Foreword by Neal Ascherson
Martin Stepek has written this astonishing poem which is at once a monument, a meditation, a prayer and an epic. It is a memorial or monument, in the first place, to the fate of his Polish family in the 1940s, a fate they shared with hundreds of thousands of Polish civilians deported to the Gulag or the Asian wastes by the Soviet invaders in1940. It is a meditation on life and death; his grandfather died as a Resistance fighter against the Nazis, while his grandmother survived her escape from the Soviet Union by only a few months. Their children survived the
war and settled in Scotland; they used to the full the chance of
a long life in a peaceful country, but now they in turn are
approaching their end. Martin's father Jan, a leading figure in Scotland's Polish community, died almost as this book was going to press. The memory of what they experienced and
survived must not disappear with that generation.
A R T S
written by Martin Stepek
I have always written, since I was a small boy in the1960s, but I’ve never been interested in having any of my work published, except for on the very rare occasion when I would read of a competition and wonder what they’d think of my poems. Then in 2001 and later in 2006 two key events occurred; the former date led me indirectly to write the pieces which form this poetry
cycle, and the latter led me to realise that there was a purpose, very different from egoism, to sharing my work.
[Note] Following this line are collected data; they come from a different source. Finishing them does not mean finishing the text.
(* Let $(G,\tau)$ be a non-discrete metrizable topological group. Then the coarse structure of $(G,\mathcal{S}_\tau)$ does not have a linearly ordered (by inclusion) base. In particular, $(G,\mathcal{S}_\tau)$ is not metrizable.
   Context: $\mathcal{S}_\tau$ is the smallest group ideal on $G$ containing every set $\{x\}\cup\{x_n:n\in\omega\}$ with $x_n\to x$ in $(G,\tau)$. A group ideal on $G$ is a family of subsets containing all finite subsets, closed under subsets and under $(A,B)\mapsto AB^{-1}$; it defines the coarse structure on $G$ with base $\{\{(x,y):x\in Ay\}:A\in\mathcal{I}\}$. A base of a coarse structure $\mathcal{E}$ is a subfamily $\mathcal{E}'$ such that every $E\in\mathcal{E}$ is contained in some member of $\mathcal{E}'$. A coarse space is metrizable iff its coarse structure has a countable base. *)

theory Defs
  imports "HOL-Analysis.Analysis"
begin

text \<open>Groups are written additively (class group_add, not necessarily commutative);
  the product A B^{-1} becomes the set of all a - b = a + (- b).\<close>

definition set_diff_grp :: "'a::group_add set \<Rightarrow> 'a set \<Rightarrow> 'a set" where
  "set_diff_grp A B = {a - b | a b. a \<in> A \<and> b \<in> B}"

definition group_ideal :: "'a::group_add set set \<Rightarrow> bool" where
  "group_ideal I \<longleftrightarrow>
     (\<forall>F. finite F \<longrightarrow> F \<in> I) \<and>
     (\<forall>A\<in>I. \<forall>B. B \<subseteq> A \<longrightarrow> B \<in> I) \<and>
     (\<forall>A\<in>I. \<forall>B\<in>I. set_diff_grp A B \<in> I)"

definition S_tau :: "'a::{topological_space, group_add} set set" where
  "S_tau = \<Inter>{I. group_ideal I \<and>
       (\<forall>(X::nat \<Rightarrow> 'a) x. X \<longlonglongrightarrow> x \<longrightarrow> insert x (range X) \<in> I)}"

definition entourage :: "'a::group_add set \<Rightarrow> ('a \<times> 'a) set" where
  "entourage A = {(x, y). x - y \<in> A}"

definition coarse_structure :: "'a::group_add set set \<Rightarrow> ('a \<times> 'a) set set" where
  "coarse_structure I = {E. \<exists>A\<in>I. E \<subseteq> entourage A}"

definition is_base :: "('a \<times> 'a) set set \<Rightarrow> ('a \<times> 'a) set set \<Rightarrow> bool" where
  "is_base B C \<longleftrightarrow> B \<subseteq> C \<and> (\<forall>E\<in>C. \<exists>E'\<in>B. E \<subseteq> E')"

definition linearly_ordered :: "'b set set \<Rightarrow> bool" where
  "linearly_ordered B \<longleftrightarrow> (\<forall>X\<in>B. \<forall>Y\<in>B. X \<subseteq> Y \<or> Y \<subseteq> X)"

definition coarse_metrizable :: "('a \<times> 'a) set set \<Rightarrow> bool" where
  "coarse_metrizable C \<longleftrightarrow> (\<exists>B. countable B \<and> is_base B C)"

end

theory Submission
  imports Defs
begin

text \<open>Countable subsets of countable compact sets form a group ideal containing every convergent
  sequence with its limit, so each member of \<open>S_tau\<close> lies in a countable compact set. By Baire's
  theorem a countable compact set contains no nonempty set without isolated points; in a
  non-discrete metrizable group this forces empty interior, so a null sequence can avoid countably
  many countable compact sets, one at each scale, and no countable family of them covers
  \<open>S_tau\<close>. For a linearly ordered base, cover each point of the countable set \<open>H\<close> of finite sums
  of a nontrivial null sequence (a set without isolated points) by a base element: either these
  countably many elements are cofinal in the base, contradicting the countable case, or one base
  element contains them all and hence \<open>H\<close>.\<close>

lemma compact_insert_limit:
  fixes f :: "nat \<Rightarrow> 'a::topological_space"
  assumes "f \<longlonglongrightarrow> l"
  shows "compact (insert l (range f))"
  using compactin_sequence_with_limit[of euclidean f l "range f"] assms by simp

definition countable_compact_bounded :: "'a::topological_space set set" where
  "countable_compact_bounded = {A. \<exists>K. compact K \<and> countable K \<and> A \<subseteq> K}"

lemma group_ideal_countable_compact_bounded:
  "group_ideal (countable_compact_bounded :: 'a::topological_group_add set set)"
  unfolding group_ideal_def
proof (intro conjI allI ballI impI)
  fix F :: "'a set" assume "finite F" then show "F \<in> countable_compact_bounded"
    unfolding countable_compact_bounded_def using finite_imp_compact countable_finite by blast
next
  fix A B :: "'a set" assume "A \<in> countable_compact_bounded" "B \<subseteq> A"
  then show "B \<in> countable_compact_bounded"
    unfolding countable_compact_bounded_def by blast
next
  fix A B :: "'a set" assume "A \<in> countable_compact_bounded" "B \<in> countable_compact_bounded"
  then obtain K L where KL: "compact K" "countable K" "A \<subseteq> K" "compact L" "countable L" "B \<subseteq> L"
    unfolding countable_compact_bounded_def by blast
  let ?M = "(\<lambda>p. fst p - snd p) ` (K \<times> L)"
  have "compact ?M"
    by (intro compact_continuous_image compact_Times KL continuous_intros)
  moreover have "countable ?M" using KL by auto
  moreover have "set_diff_grp A B \<subseteq> ?M"
    unfolding set_diff_grp_def using KL by force
  ultimately show "set_diff_grp A B \<in> countable_compact_bounded"
    unfolding countable_compact_bounded_def by blast
qed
My father, Jan Stepek, had three strokes in succession in 2001-2. I thought he wouldn’t survive but should have known better. He is a fighter, a battler in everything he does. Until that time I hadn’t given any thought to my father’s early life in Poland. I knew he had been taken from Poland to Siberia by Stalin’s Red Army, that his mother and two younger sisters were taken with him, and that his mother died and was buried in Teheran. My vague understanding was that she’d died of kidney failure. I had no knowledge of the underlying political and historical causes of such a traumatic experience. I knew Dad had served in the Polish Navy during the Second World War, so his deportation and subsequent escape from the gulag must have been some time between 1939 and 1945. That’s all I knew, and frankly I didn’t really care to know anything else. After all, in 2001 I was forty-two years old, our family business was in trouble, and I was a senior director. I was married with two young children, and had a plethora of personal interests of my own. In essence, I neglected my parents. It was the usual mistake we can all make – not seeing what matters until too late.
In that sense my father’s misfortune was a blessing in disguise for me. It jolted me out of my self-absorbed state of mind. I realised how much I loved my father and I felt suddenly a deep need to know what had happened to him before he came to Scotland. And I needed to know urgently because if he’d had three strokes in a row, a future one was likely and might finish him off. Therefore, when he had recovered sufficiently I went to him and asked him if I could formally interview him, and Mum, so that I could finally understand his pre-Scotland life story. He consented and we started a series of interviews which I supplemented with interviews of my two aunts, Danka, and more recently, Zosia. I pored through Polish history books of the era, and started exploring the internet for background and other information.
My lifelong personal impulse to write poems erupted as I talked to my father and aunts. Unbidden, deep personal emotional reflections on their suffering arose and formed into words, lines of words, and poem after poem. It was the closest I have ever come to feeling that I was truly just an inert conduit of messages and meanings. My role was just to move my hand over the
laptop and wait till no more words came.